(Collected data entries)

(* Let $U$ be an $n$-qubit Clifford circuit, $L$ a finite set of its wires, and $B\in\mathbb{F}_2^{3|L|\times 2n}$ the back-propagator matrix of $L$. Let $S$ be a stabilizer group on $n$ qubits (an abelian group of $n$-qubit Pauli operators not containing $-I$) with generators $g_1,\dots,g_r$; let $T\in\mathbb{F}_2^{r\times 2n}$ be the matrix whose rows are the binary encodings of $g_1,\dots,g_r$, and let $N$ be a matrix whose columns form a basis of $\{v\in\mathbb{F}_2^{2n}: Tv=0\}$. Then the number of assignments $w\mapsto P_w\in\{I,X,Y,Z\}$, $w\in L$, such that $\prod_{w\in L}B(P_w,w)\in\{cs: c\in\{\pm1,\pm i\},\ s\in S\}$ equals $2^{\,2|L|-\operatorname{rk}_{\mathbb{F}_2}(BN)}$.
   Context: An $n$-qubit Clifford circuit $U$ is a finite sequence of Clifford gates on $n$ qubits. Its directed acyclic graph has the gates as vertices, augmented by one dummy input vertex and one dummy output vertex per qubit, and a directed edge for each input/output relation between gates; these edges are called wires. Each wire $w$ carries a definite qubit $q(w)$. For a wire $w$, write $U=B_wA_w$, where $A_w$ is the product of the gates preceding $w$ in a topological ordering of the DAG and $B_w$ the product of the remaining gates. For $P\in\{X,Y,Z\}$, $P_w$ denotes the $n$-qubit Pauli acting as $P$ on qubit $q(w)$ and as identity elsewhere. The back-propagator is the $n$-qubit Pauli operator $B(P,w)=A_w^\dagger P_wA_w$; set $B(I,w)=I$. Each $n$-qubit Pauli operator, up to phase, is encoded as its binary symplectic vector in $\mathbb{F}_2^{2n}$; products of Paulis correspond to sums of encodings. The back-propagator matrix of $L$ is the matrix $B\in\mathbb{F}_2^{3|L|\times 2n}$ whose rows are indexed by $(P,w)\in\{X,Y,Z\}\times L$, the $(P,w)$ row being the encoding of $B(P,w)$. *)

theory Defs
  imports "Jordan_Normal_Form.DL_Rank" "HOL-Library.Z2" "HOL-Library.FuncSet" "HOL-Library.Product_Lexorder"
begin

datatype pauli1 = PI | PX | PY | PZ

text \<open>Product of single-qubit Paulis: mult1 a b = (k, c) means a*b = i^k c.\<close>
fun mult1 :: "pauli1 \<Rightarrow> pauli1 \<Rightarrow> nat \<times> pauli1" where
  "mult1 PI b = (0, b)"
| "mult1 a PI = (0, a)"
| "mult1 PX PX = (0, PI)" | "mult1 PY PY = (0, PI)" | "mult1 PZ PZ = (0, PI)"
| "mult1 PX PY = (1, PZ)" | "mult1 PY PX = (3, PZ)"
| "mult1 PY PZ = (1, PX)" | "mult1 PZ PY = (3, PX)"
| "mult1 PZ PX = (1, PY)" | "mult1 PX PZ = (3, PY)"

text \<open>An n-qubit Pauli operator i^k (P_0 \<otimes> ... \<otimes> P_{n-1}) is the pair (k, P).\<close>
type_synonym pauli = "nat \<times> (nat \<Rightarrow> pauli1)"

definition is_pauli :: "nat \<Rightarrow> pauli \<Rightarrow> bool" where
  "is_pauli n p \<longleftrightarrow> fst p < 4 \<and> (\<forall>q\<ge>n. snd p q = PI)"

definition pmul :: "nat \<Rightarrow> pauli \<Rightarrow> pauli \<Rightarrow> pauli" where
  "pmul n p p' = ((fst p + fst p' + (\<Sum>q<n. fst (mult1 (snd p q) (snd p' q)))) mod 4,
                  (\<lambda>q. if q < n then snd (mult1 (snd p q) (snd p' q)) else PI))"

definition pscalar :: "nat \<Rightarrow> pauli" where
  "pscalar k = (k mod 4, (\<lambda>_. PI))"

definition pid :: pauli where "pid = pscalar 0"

## ACTIVITY
Return every entry exactly as given.

## SOLVED PROBLEM
(* Let $U$ be an $n$-qubit Clifford circuit, $L$ a finite set of its wires, and $B\in\mathbb{F}_2^{3|L|\times 2n}$ the back-propagator matrix of $L$. Let $S$ be a stabilizer group on $n$ qubits (an abelian group of $n$-qubit Pauli operators not containing $-I$) with generators $g_1,\dots,g_r$; let $T\in\mathbb{F}_2^{r\times 2n}$ be the matrix whose rows are the binary encodings of $g_1,\dots,g_r$, and let $N$ be a matrix whose columns form a basis of $\{v\in\mathbb{F}_2^{2n}: Tv=0\}$. Then the number of assignments $w\mapsto P_w\in\{I,X,Y,Z\}$, $w\in L$, such that $\prod_{w\in L}B(P_w,w)\in\{cs: c\in\{\pm1,\pm i\},\ s\in S\}$ equals $2^{\,2|L|-\operatorname{rk}_{\mathbb{F}_2}(BN)}$.
   Context: An $n$-qubit Clifford circuit $U$ is a finite sequence of Clifford gates on $n$ qubits. Its directed acyclic graph has the gates as vertices, augmented by one dummy input vertex and one dummy output vertex per qubit, and a directed edge for each input/output relation between gates; these edges are called wires. Each wire $w$ carries a definite qubit $q(w)$. For a wire $w$, write $U=B_wA_w$, where $A_w$ is the product of the gates preceding $w$ in a topological ordering of the DAG and $B_w$ the product of the remaining gates. For $P\in\{X,Y,Z\}$, $P_w$ denotes the $n$-qubit Pauli acting as $P$ on qubit $q(w)$ and as identity elsewhere. The back-propagator is the $n$-qubit Pauli operator $B(P,w)=A_w^\dagger P_wA_w$; set $B(I,w)=I$. Each $n$-qubit Pauli operator, up to phase, is encoded as its binary symplectic vector in $\mathbb{F}_2^{2n}$; products of Paulis correspond to sums of encodings. The back-propagator matrix of $L$ is the matrix $B\in\mathbb{F}_2^{3|L|\times 2n}$ whose rows are indexed by $(P,w)\in\{X,Y,Z\}\times L$, the $(P,w)$ row being the encoding of $B(P,w)$. *)

theory Defs
  imports "Jordan_Normal_Form.DL_Rank" "HOL-Library.Z2" "HOL-Library.FuncSet" "HOL-Library.Product_Lexorder"
begin

datatype pauli1 = PI | PX | PY | PZ

text \<open>Product of single-qubit Paulis: mult1 a b = (k, c) means a*b = i^k c.\<close>
fun mult1 :: "pauli1 \<Rightarrow> pauli1 \<Rightarrow> nat \<times> pauli1" where
  "mult1 PI b = (0, b)"
| "mult1 a PI = (0, a)"
| "mult1 PX PX = (0, PI)" | "mult1 PY PY = (0, PI)" | "mult1 PZ PZ = (0, PI)"
| "mult1 PX PY = (1, PZ)" | "mult1 PY PX = (3, PZ)"
| "mult1 PY PZ = (1, PX)" | "mult1 PZ PY = (3, PX)"
| "mult1 PZ PX = (1, PY)" | "mult1 PX PZ = (3, PY)"

text \<open>An n-qubit Pauli operator i^k (P_0 \<otimes> ... \<otimes> P_{n-1}) is the pair (k, P).\<close>
type_synonym pauli = "nat \<times> (nat \<Rightarrow> pauli1)"

definition is_pauli :: "nat \<Rightarrow> pauli \<Rightarrow> bool" where
  "is_pauli n p \<longleftrightarrow> fst p < 4 \<and> (\<forall>q\<ge>n. snd p q = PI)"

definition pmul :: "nat \<Rightarrow> pauli \<Rightarrow> pauli \<Rightarrow> pauli" where
  "pmul n p p' = ((fst p + fst p' + (\<Sum>q<n. fst (mult1 (snd p q) (snd p' q)))) mod 4,
                  (\<lambda>q. if q < n then snd (mult1 (snd p q) (snd p' q)) else PI))"

definition pscalar :: "nat \<Rightarrow> pauli" where
  "pscalar k = (k mod 4, (\<lambda>_. PI))"

definition pid :: pauli where "pid = pscalar 0"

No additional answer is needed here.